Telegraph | News | ‘If you don’t take a job as a prostitute, we can stop your benefits’ A 25-year-old waitress who turned down a job providing “sexual services” at a brothel in Berlin faces possible cuts to her unemployment benefit under laws introduced this year.
Prostitution was legalised in Germany just over two years ago and brothel owners – who must pay tax and employee health insurance – were granted access to official databases of jobseekers.
…Under Germany’s welfare reforms, any woman under 55 who has been out of work for more than a year can be forced to take an available job – including in the sex industry – or lose her unemployment benefit.
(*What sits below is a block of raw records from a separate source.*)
(* Let $\Omega\subset\mathbb{R}^2$ be a convex domain with Lipschitz boundary, let $d_1,d_2>0$, $c_1,c_2\in\mathbb{R}$, and let $f,g:\mathbb{R}^2\to\mathbb{R}$ be globally Lipschitz continuous with Lipschitz constants $L_f,L_g$ and bounded above by constants $\beta_f,\beta_g$ respectively. Let $T_h$ be a quasi-uniform triangulation of $\Omega$ with mesh size $h$, let $S_h$ be the space of continuous functions on $\Omega$ that are piecewise linear on each element of $T_h$, and let $\tau>0$ be a timestep with $\tau\max\{\beta_f,\beta_g\}<1$. Given $u^n,v^n\in S_h$, let $(u^{n+1},v^{n+1})\in S_h\times S_h$ satisfy, for all $\phi_h\in S_h$, $$\Big(\tfrac{u^{n+1}-u^n}{\tau},\phi_h\Big)+d_1(\nabla u^{n+1},\nabla\phi_h)=(c_1,\phi_h)+(f(u^{n+1},v^{n+1})u^{n+1},\phi_h),$$ $$\Big(\tfrac{v^{n+1}-v^n}{\tau},\phi_h\Big)+d_2(\nabla v^{n+1},\nabla\phi_h)=(c_2,\phi_h)+(g(u^{n+1},v^{n+1})v^{n+1},\phi_h),$$ and define Picard iterates $(u_k,v_k)\in S_h\times S_h$, $k\ge 0$, by requiring $(u_{k+1},v_{k+1})$ to satisfy, for all $\phi_h\in S_h$, $$\Big(\tfrac{u_{k+1}-u^n}{\tau},\phi_h\Big)+d_1(\nabla u_{k+1},\nabla\phi_h)=(c_1,\phi_h)+(f(u_k,v_k)u_{k+1},\phi_h),$$ $$\Big(\tfrac{v_{k+1}-v^n}{\tau},\phi_h\Big)+d_2(\nabla v_{k+1},\nabla\phi_h)=(c_2,\phi_h)+(g(u_k,v_k)v_{k+1},\phi_h).$$ Assume that $u$ and $v$ (the iterates and the discrete solution) remain positive, and that the fully discrete solution $\xi^{n+1}=(u^{n+1},v^{n+1})$ approximates the exact solution $\Xi=(U,V)$ of the system $\partial_t u-d_1\nabla^2 u=c_1+f(u,v)u$, $\partial_t v-d_2\nabla^2 v=c_2+g(u,v)v$ (homogeneous Neumann boundary conditions) at time $t^{n+1}$ with $\|\Xi(t^{n+1})-\xi^{n+1}\|_\infty\le C'(\Xi)(h^2+\tau)$. Then, writing $\xi_k=(u_k,v_k)$, $L=\max\{L_f,L_g\}$ and $\beta=\max\{\beta_f,\beta_g\}$, there are constants $C,C'$ (independent of $k$) such that $$\|\xi_{k+1}-\xi^{n+1}\|\le \lambda\,\|\xi_k-\xi^{n+1}\|,\qquad \lambda:=CL\frac{\tau}{1-\tau\beta}\big(1+C'(\tau+h^2)\big),$$ so that $\lambda<1$ for sufficiently small $\tau$ and $h$ (hence the Picard iteration converges to $(u^{n+1},v^{n+1})$), and $\lambda\to0$ as $\tau\to0$ and $h\to0$ simultaneously.
   Context: $(\cdot,\cdot)$ denotes the $L_2(\Omega)$ inner product and $\|\cdot\|$ the $L_2(\Omega)$ norm; for a pair $\xi=(u,v)$, $\|\xi\|$ is bounded by $\|u\|+\|v\|$, and $\|\cdot\|_\infty$ denotes the $L_\infty$ norm. The scheme is the backward Euler finite element discretisation of the reaction-diffusion system, and the Picard iteration linearises the reaction terms by evaluating $f,g$ at the previous iterate. *)

theory Defs
  imports "HOL-Analysis.Analysis"
begin
text \<open>Each initial segment of I01 is the increasing union of the dyadic segments
  {0..<\<lfloor>2^n c\<rfloor> / 2^n}.\<close>

lemma lessThan_in_sigma_dyadic_segments: "I01 \<inter> {..<c} \<in> sigma_sets I01 dyadic_segments"
proof (cases "c \<le> 0")
  case True
  then have "I01 \<inter> {..<c} = {}" by auto
  then show ?thesis using empty_in_dyadic_segments by (simp add: sigma_sets.Basic)
next
  case False
  show ?thesis
  proof (cases "1 \<le> c")
    case True
    then have "I01 \<inter> {..<c} = I01" by auto
    then show ?thesis using I01_in_dyadic_segments by (simp add: sigma_sets.Basic)
  next
    case c1: False
    define A where "A n = {0..<real (nat \<lfloor>2^n * c\<rfloor>) / 2^n}" for n :: nat
    have AG: "A n \<in> dyadic_segments" for n
    proof -
      have "\<lfloor>2^n * c\<rfloor> \<le> 2^n"
      proof -
        have "2^n * c \<le> 2^n" using c1 by simp
        then show ?thesis by (metis floor_mono floor_of_nat of_nat_numeral of_nat_power)
      qed
      then have "nat \<lfloor>2^n * c\<rfloor> \<le> 2^n" by (simp add: nat_le_iff)
      then show ?thesis unfolding A_def dyadic_segments_def by blast
    qed
    have "I01 \<inter> {..<c} = (\<Union>n. A n)"
    proof (intro set_eqI iffI)
      fix x assume x: "x \<in> I01 \<inter> {..<c}"
      then have "0 < c - x" by auto
      obtain n :: nat where n: "1 / (c - x) < 2^n" using real_arch_pow[of 2 "1/(c-x)"] by auto
      then have "1 < 2^n * (c - x)" using \<open>0 < c - x\<close> by (simp add: field_simps)
      then have "2^n * x < of_int \<lfloor>2^n * c\<rfloor>" by (simp add: algebra_simps) linarith
      moreover have "0 \<le> \<lfloor>2^n * c\<rfloor>" using False by simp
      ultimately have "x < real (nat \<lfloor>2^n * c\<rfloor>) / 2^n" by (simp add: field_simps)
      then show "x \<in> (\<Union>n. A n)" using x unfolding A_def by auto
    next
      fix x assume "x \<in> (\<Union>n. A n)"
      then obtain n where x: "0 \<le> x" "x < real (nat \<lfloor>2^n * c\<rfloor>) / 2^n" unfolding A_def by auto
      have "0 \<le> \<lfloor>2^n * c\<rfloor>" using False by simp
      then have "real (nat \<lfloor>2^n * c\<rfloor>) \<le> 2^n * c" by simp
      then have "real (nat \<lfloor>2^n * c\<rfloor>) / 2^n \<le> c" by (simp add: divide_le_eq mult.commute)
      then show "x \<in> I01 \<inter> {..<c}" using x c1 by auto
    qed
    moreover have "(\<Union>n. A n) \<in> sigma_sets I01 dyadic_segments"
      by (rule sigma_sets.Union) (rule sigma_sets.Basic[OF AG])
    ultimately show ?thesis by simp
  qed
qed

lemma sets_unitI_dyadic_segments: "sets unitI = sigma_sets I01 dyadic_segments"
proof -
  have "sets unitI = (\<inter>) I01 ` sets borel" unfolding unitI_def sets_restrict_space by simp
  also have bI: "sets (borel::real measure) = sigma_sets UNIV (range lessThan)"
  proof -
    have "(borel::real measure) = sigma UNIV (range lessThan)" by (rule borel_Iio)
    moreover have "sets (sigma UNIV (range lessThan)) = sigma_sets UNIV (range (lessThan::real \<Rightarrow> real set))"
      by (rule sets_measure_of) auto
    ultimately show ?thesis by simp
  qed
  also have "(\<inter>) I01 ` sigma_sets UNIV (range lessThan) = sigma_sets I01 ((\<inter>) I01 ` range lessThan)"
  proof (rule sigma_sets_Int)
    have "I01 \<in> sets borel" by simp
    then show "I01 \<in> sigma_sets UNIV (range lessThan)" using bI by simp
  qed simp
  also have "sigma_sets I01 ((\<inter>) I01 ` range lessThan) = sigma_sets I01 dyadic_segments"
  proof
    show "sigma_sets I01 ((\<inter>) I01 ` range lessThan) \<subseteq> sigma_sets I01 dyadic_segments"
      by (rule sigma_sets_mono) (auto intro: lessThan_in_sigma_dyadic_segments)
    show "sigma_sets I01 dyadic_segments \<subseteq> sigma_sets I01 ((\<inter>) I01 ` range lessThan)"
    proof (rule sigma_sets_mono, rule subsetI)
      fix A assume "A \<in> dyadic_segments"
      then obtain m i where A: "A = {0..<real i / 2^m}" "i \<le> 2^m" unfolding dyadic_segments_def by auto
      have le1: "real i / 2^m \<le> 1" using A(2) by (simp add: divide_le_eq)
      have "A = I01 \<inter> {..<real i / 2^m}" unfolding A(1) using order.strict_trans2[OF _ le1] by auto
      then show "A \<in> sigma_sets I01 ((\<inter>) I01 ` range lessThan)" by (auto intro: sigma_sets.Basic)
    qed
  qed
  finally show ?thesis .
qed

lemma less_dyadic_iff:
  assumes "0 \<le> v"
  shows "v < real i / 2^m \<longleftrightarrow> (\<exists>i'<i. v \<in> dyadic_ival m i')"
proof -
  have p: "(0::real) < 2^m" by simp
  have "v < real i / 2^m \<longleftrightarrow> 2^m * v < real i" using p by (simp add: less_divide_eq mult.commute)
  also have "\<dots> \<longleftrightarrow> \<lfloor>2^m * v\<rfloor> < int i" by (simp add: floor_less_iff)
  also have "\<dots> \<longleftrightarrow> (\<exists>i'<i. \<lfloor>2^m * v\<rfloor> = int i')"
  proof -
    have "0 \<le> \<lfloor>2^m * v\<rfloor>" using assms by simp
    then show ?thesis by (metis nonneg_int_cases of_nat_less_iff)
  qed
  finally show ?thesis using dyadic_ival_iff_floor by simp
qed

lemma dyadic_ival_disjoint: "i \<noteq> i' \<Longrightarrow> v \<in> dyadic_ival m i \<Longrightarrow> v \<notin> dyadic_ival m i'"
  using dyadic_ival_iff_floor by simp
lemma poly_affine_if_left_inverse:
  fixes P Q :: "complex poly"
  assumes "\<forall>t. poly Q (poly P t) = t"
  shows "\<exists>a b. b \<noteq> 0 \<and> (\<forall>t. poly P t = a + b * t)"
proof -
  have "pcompose Q P = [:0, 1:]"
    using assms by (intro poly_ext) (simp add: poly_pcompose)
  then have "degree (pcompose Q P) = 1" by simp
  then have "degree Q * degree P = 1" by (simp add: degree_pcompose)
  then have deg: "degree P = 1" by simp
  then have "P \<noteq> 0" by auto
  then have "coeff P 1 \<noteq> 0" using deg leading_coeff_0_iff by fastforce
  moreover have "poly P t = coeff P 0 + coeff P 1 * t" for t using deg by (simp add: poly_altdef)
  ultimately show ?thesis by blast
qed

lemma poly_fun_C2_affine_in_fst:
  assumes "poly_fun_C2 h" and affine: "\<And>v. \<exists>a b. b \<noteq> 0 \<and> (\<forall>t. h (t, v) = a + b * t)"
  shows "\<exists>c E. c \<noteq> 0 \<and> (\<forall>u v. h (u, v) = c * u + poly E v)"
proof -
  obtain E where E: "\<forall>v. h (0 + v * 0, 0 + v * 1) = poly E v"
    using poly_fun_C2_on_line[OF assms(1)] by blast
  obtain R where R: "\<forall>v. h (1 + v * 0, 0 + v * 1) = poly R v"
    using poly_fun_C2_on_line[OF assms(1)] by blast
  have slope: "h (u, v) = h (0, v) + (h (1, v) - h (0, v)) * u \<and> h (1, v) - h (0, v) \<noteq> 0" for u v
  proof -
    obtain a b where "b \<noteq> 0" "\<forall>t. h (t, v) = a + b * t" using affine by blast
    then show ?thesis by simp
  qed
  have RE: "poly (R - E) v = h (1, v) - h (0, v)" for v using R E by simp
  have "poly (R - E) v = poly (R - E) 0" for v
    using RE slope by (intro poly_no_roots_constant) metis
  then have "h (u, v) = poly (R - E) 0 * u + poly E v" for u v
  proof -
    have c: "poly (R - E) 0 = h (1, v) - h (0, v)" using RE \<open>poly (R - E) v = poly (R - E) 0\<close> by metis
    have e: "h (0, v) = poly E v" using E by simp
    have "h (u, v) = h (0, v) + (h (1, v) - h (0, v)) * u" using slope by blast
    then show ?thesis unfolding c e by (simp add: add.commute)
  qed
  moreover have "poly (R - E) 0 \<noteq> 0" using RE slope by metis
  ultimately show ?thesis by blast
qed

section \<open>Restrictions to the diagonal\<close>

text \<open>
  Throughout, \<open>g\<close> describes the restriction of \<open>\<Phi>\<close> to the diagonal matrices,
  \<open>diag(x,y) \<mapsto> diag(g(x,y), g(y,x))\<close>, and \<open>k\<close> that of \<open>\<Phi>\<^sup>-\<^sup>1\<close>.
\<close>

lemma antisymmetric_part_linear:
  fixes g k :: "complex \<times> complex \<Rightarrow> complex"
  assumes pg: "poly_fun_C2 g" and pk: "poly_fun_C2 k"
    and inv: "\<forall>x y. k (g (x, y), g (y, x)) = x"
  shows "\<exists>\<beta>. \<beta> \<noteq> 0 \<and> (\<forall>x y. g (x, y) - g (y, x) = \<beta> * (x - y))"
proof -
  obtain B where pB: "poly_fun_C2 B" and B: "\<forall>x y. g (x, y) - g (y, x) = (x - y) * B (x, y)"
    using poly_fun_C2_divided_difference[OF poly_fun_C2_diff[OF pg poly_fun_C2_swap[OF pg]]] by auto
  obtain B' where pB': "poly_fun_C2 B'" and B': "\<forall>x y. k (x, y) - k (y, x) = (x - y) * B' (x, y)"
    using poly_fun_C2_divided_difference[OF poly_fun_C2_diff[OF pk poly_fun_C2_swap[OF pk]]] by auto
  define Q where "Q = (\<lambda>p. B p * B' (g p, g (snd p, fst p)) - 1)"
  have pQ: "poly_fun_C2 Q" unfolding Q_def
    by (intro poly_fun_C2_diff pC_const pC_mult pB poly_fun_C2_compose pB' pg poly_fun_C2_swap)
  have "Q (x, y) = 0" if "x \<noteq> y" for x y
  proof -
    have "(x - y) * 1 = k (g (x, y), g (y, x)) - k (g (y, x), g (x, y))" using inv by simp
    also have "\<dots> = (x - y) * (B (x, y) * B' (g (x, y), g (y, x)))"
      using B B' by simp
    finally show ?thesis using that unfolding Q_def by simp
  qed
  then have "Q p = 0" for p using poly_fun_C2_zero_off_diagonal[OF pQ] by blast
  then have B_nonzero: "\<forall>p. B p \<noteq> 0" unfolding Q_def by (metis mult_zero_left right_minus_eq zero_neq_one)
  then have "B p = B (0, 0)" for p by (rule poly_fun_C2_no_zeros_constant[OF pB])
  then show ?thesis using B B_nonzero by (intro exI[of _ "B (0, 0)"]) (auto simp: mult.commute)
qed

lemma symmetric_part_affine:
  fixes g k :: "complex \<times> complex \<Rightarrow> complex"
  assumes pg: "poly_fun_C2 g" and pk: "poly_fun_C2 k"
    and inv: "\<forall>x y. k (g (x, y), g (y, x)) = x"
    and antisym: "\<forall>x y. g (x, y) - g (y, x) = \<beta> * (x - y)"
  shows "\<exists>c E. c \<noteq> 0 \<and> (\<forall>x y. g (x, y) + g (y, x) = c * (x + y) + poly E (x - y))"
proof -
  define h where "h = (\<lambda>p. g ((fst p + snd p) / 2, (fst p - snd p) / 2)
                            + g ((fst p - snd p) / 2, (fst p + snd p) / 2))"
  have "poly_fun_C2 (\<lambda>p. (fst p + snd p) / 2)" "poly_fun_C2 (\<lambda>p. (fst p - snd p) / 2)"
    by (intro poly_fun_C2_divide_2 pC_add poly_fun_C2_diff pC_fst pC_snd)+
  then have ph: "poly_fun_C2 h" unfolding h_def
    by (intro pC_add poly_fun_C2_compose pg)
  have "\<exists>a b. b \<noteq> 0 \<and> (\<forall>t. h (t, v) = a + b * t)" for v
  proof -
    obtain P where P: "\<forall>t. h (0 + t * 1, v + t * 0) = poly P t"
      using poly_fun_C2_on_line[OF ph] by blast
    obtain Q where Q: "\<forall>s. k (\<beta> * v / 2 + s * (1/2), - \<beta> * v / 2 + s * (1/2))
                          + k (- \<beta> * v / 2 + s * (1/2), \<beta> * v / 2 + s * (1/2)) = poly Q s"
      using poly_fun_C2_on_line[OF pC_add[OF pk poly_fun_C2_swap[OF pk]],
          of "\<beta> * v / 2" "1/2" "- \<beta> * v / 2" "1/2"] by auto
    have "poly Q (poly P t) = t" for t
    proof -
      define x y where "x = (t + v) / 2" and "y = (t - v) / 2"
      have "g (x, y) + g (y, x) = poly P t" using P unfolding h_def x_def y_def by simp
      moreover have "x - y = v" unfolding x_def y_def by (simp add: field_simps)
      then have "g (x, y) - g (y, x) = \<beta> * v" using antisym by metis
      ultimately have "g (x, y) = \<beta> * v / 2 + poly P t * (1/2)"
        and "g (y, x) = - \<beta> * v / 2 + poly P t * (1/2)"
        by (simp_all add: field_simps)
      then have "poly Q (poly P t) = k (g (x, y), g (y, x)) + k (g (y, x), g (x, y))"
        using Q by simp
      also have "\<dots> = t" using inv unfolding x_def y_def by (simp add: field_simps)
      finally show ?thesis .
    qed
    then show ?thesis using poly_affine_if_left_inverse[of Q P] P by auto
  qed
  then obtain c E where "c \<noteq> 0" and "\<forall>u v. h (u, v) = c * u + poly E v"
    using poly_fun_C2_affine_in_fst[OF ph] by blast
  moreover have "g (x, y) + g (y, x) = h (x + y, x - y)" for x y
    unfolding h_def by (simp add: field_simps)
  ultimately show ?thesis by auto
qed
lemma finite_S: "finite S"
  and down_closed_S: "down_closed S"
  and vanishing: "p \<notin> S \<Longrightarrow> Th p = 0"
  and nonneg: "0 \<le> Th p"
  and mono_row: "(a, b + 1) \<in> S \<Longrightarrow> Th (a, b) \<le> Th (a, b + 1)"
  and mono_col: "(a + 1, b) \<in> S \<Longrightarrow> Th (a, b) \<le> Th (a + 1, b)"
  and weight: "sum Th S = sum (cohook_sum T) S"
  using inv unfolding toggle_inv_def by blast+

lemmas corner = addableD[OF down_closed_S addable]

lemma down_closed_insert: "down_closed (insert (i, j) S)"
  using addable unfolding addable_def by blast

lemma vanishing_axis: "a = 0 \<or> b = 0 \<Longrightarrow> Th (a, b) = 0"
  using vanishing down_closed_pos[OF down_closed_S] by fastforce

lemma in_S_near_diagonal:
  assumes "1 \<le> k" "k < min i j"
  shows "(i - k, j - k + 1) \<in> S" "(i - k + 1, j - k) \<in> S" "(i - k, j - k) \<in> S"
proof -
  have up: "(i - 1, j) \<in> S" and left: "(i, j - 1) \<in> S" using assms corner by auto
  show "(i - k, j - k + 1) \<in> S" by (rule down_closedD[OF down_closed_S up]) (use assms in auto)
  show "(i - k + 1, j - k) \<in> S" by (rule down_closedD[OF down_closed_S left]) (use assms in auto)
  show "(i - k, j - k) \<in> S" by (rule down_closedD[OF down_closed_S up]) (use assms in auto)
qed

lemma Th'_eq: "Th' = toggle_step UNIV Th (i, j) (int (T (i, j)))"
  unfolding Th'_def by (rule toggle_step_vanishing[OF vanishing, THEN fun_cong, THEN fun_cong])

lemma Th'_off_diagonal: "p \<notin> diagonal \<Longrightarrow> Th' p = Th p"
  unfolding Th'_eq diagonal_def
  using toggle_step_off_diag corner(1,2) by blast

lemma Th'_diagonal:
  assumes "k < min i j"
  shows "Th' (i - k, j - k) =
    max (\<alpha> (k + 1)) (\<gamma> (k + 1)) + (if k = 0 then int (T (i, j)) else min (\<alpha> k) (\<gamma> k) - \<beta> k)"
proof -
  have "j - (k + 1) + 1 = j - k" "i - (k + 1) + 1 = i - k" using assms by auto
  then show ?thesis
    unfolding Th'_eq \<alpha>_def \<gamma>_def \<beta>_def
    using assms corner(1,2) toggle_step_corner toggle_step_diag by auto
qed

lemma diagonal_bounds:
  assumes "1 \<le> k" "k < min i j"
  shows "\<beta> k \<le> \<alpha> k" "\<beta> k \<le> \<gamma> k" "\<alpha> (k + 1) \<le> \<beta> k" "\<gamma> (k + 1) \<le> \<beta> k"
proof -
  note near = in_S_near_diagonal[OF assms]
  show "\<beta> k \<le> \<alpha> k" "\<beta> k \<le> \<gamma> k"
    unfolding \<alpha>_def \<beta>_def \<gamma>_def using mono_row[OF near(1)] mono_col[OF near(2)] by auto
  have "Th (i - (k + 1), j - k) \<le> Th (i - (k + 1) + 1, j - k)"
    by (rule mono_col) (use assms near(3) in \<open>simp add: Suc_diff_Suc\<close>)
  moreover have "Th (i - k, j - (k + 1)) \<le> Th (i - k, j - (k + 1) + 1)"
    by (rule mono_row) (use assms near(3) in \<open>simp add: Suc_diff_Suc\<close>)
  moreover have "i - (k + 1) + 1 = i - k" "j - (k + 1) + 1 = j - k" using assms by auto
  ultimately show "\<alpha> (k + 1) \<le> \<beta> k" "\<gamma> (k + 1) \<le> \<beta> k"
    unfolding \<alpha>_def \<beta>_def \<gamma>_def by simp_all
qed

lemma Th'_diagonal_ge:
  assumes "k < min i j"
  shows "max (\<alpha> (k + 1)) (\<gamma> (k + 1)) \<le> Th' (i - k, j - k)"
proof (cases "k = 0")
  case False
  then show ?thesis using Th'_diagonal[OF assms] diagonal_bounds(1,2)[of k] assms by simp
qed (use Th'_diagonal[OF assms] in simp)

lemma Th'_diagonal_le:
  assumes "1 \<le> k" "k < min i j"
  shows "Th' (i - k, j - k) \<le> min (\<alpha> k) (\<gamma> k)"
  using Th'_diagonal[OF assms(2)] diagonal_bounds(3,4)[OF assms] assms(1) by (simp add: max_def min_def)

lemma corner_in_diagonal: "(i, j) \<in> diagonal"
  using corner(1,2) image_eqI[of "(i, j)" "\<lambda>k. (i - k, j - k)" 0] unfolding diagonal_def by simp

lemma diagonal_subset: "diagonal \<subseteq> insert (i, j) S"
proof
  fix p assume "p \<in> diagonal"
  then obtain k where "k < min i j" "p = (i - k, j - k)" unfolding diagonal_def by blast
  then show "p \<in> insert (i, j) S" using in_S_near_diagonal(3)[of k] by (cases "k = 0") auto
qed

lemma Th'_nonneg: "0 \<le> Th' p"
proof (cases "p \<in> diagonal")
  case True
  then obtain k where "k < min i j" "p = (i - k, j - k)" unfolding diagonal_def by blast
  then show ?thesis using Th'_diagonal_ge[of k] nonneg[of "(i - (k + 1), j - (k + 1) + 1)"]
    unfolding \<alpha>_def by fastforce
qed (simp add: Th'_off_diagonal nonneg)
Last month German unemployment rose for the 11th consecutive month to 4.5 million, taking the number out of work to its highest since reunification in 1990.
…Prostitution was legalised in Germany in 2002 because the government believed that this would help to combat trafficking in women and cut links to organised crime.
“Now that prostitution is no longer considered by the law to be immoral, there is really nothing but the goodwill of the job centres to stop them from pushing women into jobs they don’t want to do.”
OK, I’m all for legalized prostitution — sex is OK, selling is OK, so why isn’t selling sex OK? We have the silliest sex laws in our country. You can’t pay a woman to perform sex with you, but if you have a video camera, you can pay a man and woman to have sex in front of you (it’s called “acting”). In fact, as long as you’re filming yourself, you can pay the woman to have sex with you (it’s called “gonzo” porn).
But this case is just wrong. I understand Germany’s goal to get people off of the unemployment rolls. But I disagree with forcing people to take jobs they cannot take. I’m not just thinking about forcing women to take prostitute jobs. What’s to stop the job centres from forcing an Orthodox Jewish woman to slice up meat in a non-Kosher deli? What about forcing a Hindu to flip burgers at McDonald’s. There should be some sort of “conscientious objector” clause to this unemployment law.